Should <dispatcher> be a single pointer or should the interface specify
a range from which syscalls may be made without being redirected? eg,
one could specify the whole of libc.

prctl(PR_SET_SYSCALL_USER_DISPATCH, <op>, <start>, <inclusive-end>, [selector])

> +++ b/include/linux/syscall_user_dispatch.h
> @@ -0,0 +1,45 @@
> +/* SPDX-License-Identifier: GPL-2.0 */
> +#ifndef _SYSCALL_USER_DISPATCH_H
> +#define _SYSCALL_USER_DISPATCH_H
> +
> +struct task_struct;
> +static void clear_tsk_thread_flag(struct task_struct *tsk, int flag);
> +
> +#ifdef CONFIG_SYSCALL_USER_DISPATCH
> +struct syscall_user_dispatch {
> + int __user *selector;
> + unsigned long __user dispatcher;

The __user annotation is on the pointer, not the value. ie, it's

unsigned long foo;
unsigned long __user *p;

get_user(foo, p)

> +++ b/include/uapi/asm-generic/siginfo.h
> @@ -285,6 +285,7 @@ typedef struct siginfo {
> */
> #define SYS_SECCOMP 1 /* seccomp triggered */
> #define NSIGSYS 1
> +#define SYS_USER_REDIRECT 2

I'd suggest that SYS_USER_REDIRECT should be moved up by one line.

> +int set_syscall_user_dispatch(int mode, unsigned long __user dispatcher,
> + int __user *selector)
> +{
> + switch (mode) {
> + case PR_SYSCALL_DISPATCH_DISABLE:
> + if (dispatcher || selector)
> + return -EINVAL;
> + break;
> + case PR_SYSCALL_DISPATCH_ENABLE:
> + break;
> + default:
> + return -EINVAL;
> + }
> +
> + if (selector) {
> + if (!access_ok(selector, sizeof(int)))
> + return -EFAULT;
> + }

You're not enforcing the alignment requirement here.

> + spin_lock_irq(&current->sighand->siglock);
> +
> + current->syscall_dispatch.selector = selector;
> + current->syscall_dispatch.dispatcher = dispatcher;
> +
> + /* make sure fastlock is committed before setting the flag. */

fastlock? ;-)
I don't think you actually need this.

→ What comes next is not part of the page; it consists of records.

lemma hg_ratio_eq_0_iff: "hg_ratio lam g n = 0 \<longleftrightarrow> k = of_real (decay_rate \<mu> \<delta> q n)"
proof -
  define N where "N = 1 + real n"
  have N: "N > 0" by (simp add: N_def)
  have "(g + of_nat n) * (of_nat n + 1) = of_real N * (of_real N + 2 * k / of_real \<delta>)"
    by (simp add: g_def N_def algebra_simps)
  then have ratio: "hg_ratio lam g n = 0 \<longleftrightarrow> lam = of_real N * (of_real N + 2 * k / of_real \<delta>)"
    using hg_denominator_nonzero[OF Re_g, of n] by (auto simp: hg_ratio_def field_simps)
  have solve: "of_real L = of_real N * (of_real N + 2 * k / of_real \<delta>)
      \<longleftrightarrow> k = of_real ((L / N - N) * \<delta> / 2)" for L
    using N delta_pos by (auto simp: field_simps)
  have rate: "(2 * \<mu> / (q * \<delta>\<^sup>2) / N - N) * \<delta> / 2 = decay_rate \<mu> \<delta> q n"
    using N delta_pos q_pos by (simp add: decay_rate_def N_def[symmetric] add.commute[of "real n"]
        field_simps power2_eq_square)
  show ?thesis
    using ratio unfolding lam_def solve rate .
qed

lemma hg_ratio_eq_0_and_Re_k_pos_iff:
  "hg_ratio lam g n = 0 \<and> Re k > 0 \<longleftrightarrow> decay_rate \<mu> \<delta> q n > 0 \<and> E = energy \<mu> \<delta> q n"
proof -
  let ?s = "decay_rate \<mu> \<delta> q n"
  have "k = of_real ?s \<and> ?s > 0 \<longleftrightarrow> ?s > 0 \<and> - 2 * E = ?s\<^sup>2"
  proof
    assume "k = of_real ?s \<and> ?s > 0"
    then show "?s > 0 \<and> - 2 * E = ?s\<^sup>2"
      using k_squared by (metis of_real_eq_iff of_real_power)
  next
    assume "?s > 0 \<and> - 2 * E = ?s\<^sup>2"
    then show "k = of_real ?s \<and> ?s > 0"
      by (simp add: k_def csqrt_of_real)
  qed
  then show ?thesis
    by (auto simp: hg_ratio_eq_0_iff energy_eq_decay_rate)
qed

lemma hg_ratio_eq_0_imp_real_parameters:
  assumes "hg_ratio lam g n = 0"
  defines "t \<equiv> 2 * \<mu> / (q * \<delta>\<^sup>2 * (1 + real n))"
  shows "g = of_real (t - real n)" and "lam = of_real (t * (1 + real n))"
proof -
  show "lam = of_real (t * (1 + real n))"
    by (simp add: lam_def t_def)
  have "1 + 2 * decay_rate \<mu> \<delta> q n / \<delta> = t - real n"
    using one_plus_decay_rate_div[OF delta_pos q_pos] by (simp add: t_def)
  moreover have "g = of_real (1 + 2 * decay_rate \<mu> \<delta> q n / \<delta>)"
    using assms(1) by (simp add: g_def hg_ratio_eq_0_iff[symmetric])
  ultimately show "g = of_real (t - real n)" by simp
qed

lemma u_eq_of_real_exp_mult:
  assumes "hg_ratio lam g n = 0" "x > a"
  defines "y \<equiv> q * exp (- \<delta> * x)"
  shows "u x = of_real (exp (- decay_rate \<mu> \<delta> q n * x))
    * ((1 - of_real y) * eval_fps (hg_fps lam g) (of_real y))"
proof -
  have "0 < y" "y < 1"
    using q_pos assms(2) q_exp_less_1_iff by (auto simp: y_def)
  then have "norm (complex_of_real y) < 1" by simp
  then have "eval_fps H (Y (of_real x)) = (1 - of_real y) * eval_fps (hg_fps lam g) (of_real y)"
    unfolding H_def Y_of_real y_def by (rule eval_one_minus_X_hg_fps[OF Re_g])
  moreover have "exp (- k * of_real x) = of_real (exp (- decay_rate \<mu> \<delta> q n * x))"
    using assms(1) by (simp add: hg_ratio_eq_0_iff flip: exp_of_real)
  ultimately show ?thesis
    by (simp add: U_def)
qed

lemma u_eq_eigfun:
  assumes "hg_ratio lam g n = 0" "x > a"
  shows "u x = of_real (eigfun \<mu> \<delta> q n x)"
proof -
  define t where "t = 2 * \<mu> / (q * \<delta>\<^sup>2 * (1 + real n))"
  define y where "y = q * exp (- \<delta> * x)"
  have "\<bar>y\<bar> < 1"
    using q_pos assms(2) q_exp_less_1_iff by (simp add: y_def)
  moreover have "t - real n \<ge> 1"
    using Re_g hg_ratio_eq_0_imp_real_parameters(1)[OF assms(1)] by (simp add: t_def)
  ultimately have "eval_fps (hg_fps lam g) (of_real y) = of_real (hyp2F1 (- real n) (1 + t) (t - real n) y)"
    unfolding hg_ratio_eq_0_imp_real_parameters[OF assms(1), folded t_def]
    by (intro eval_hg_fps_of_real) (auto simp: algebra_simps)
  then show ?thesis
    by (simp add: u_eq_of_real_exp_mult[OF assms] eigfun_eq t_def y_def)
qed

You're setting per-thread state on
yourself, so what's the race that you're concerned about?

> + smp_mb__before_atomic();
> +
> + if (mode == PR_SYSCALL_DISPATCH_ENABLE)
> + set_tsk_thread_flag(current, TIF_SYSCALL_USER_DISPATCH);
> + else
> + clear_tsk_thread_flag(current, TIF_SYSCALL_USER_DISPATCH);
> +
> + spin_unlock_irq(&current->sighand->siglock);
> +
> + return 0;
> +}
> --
> 2.27.0
>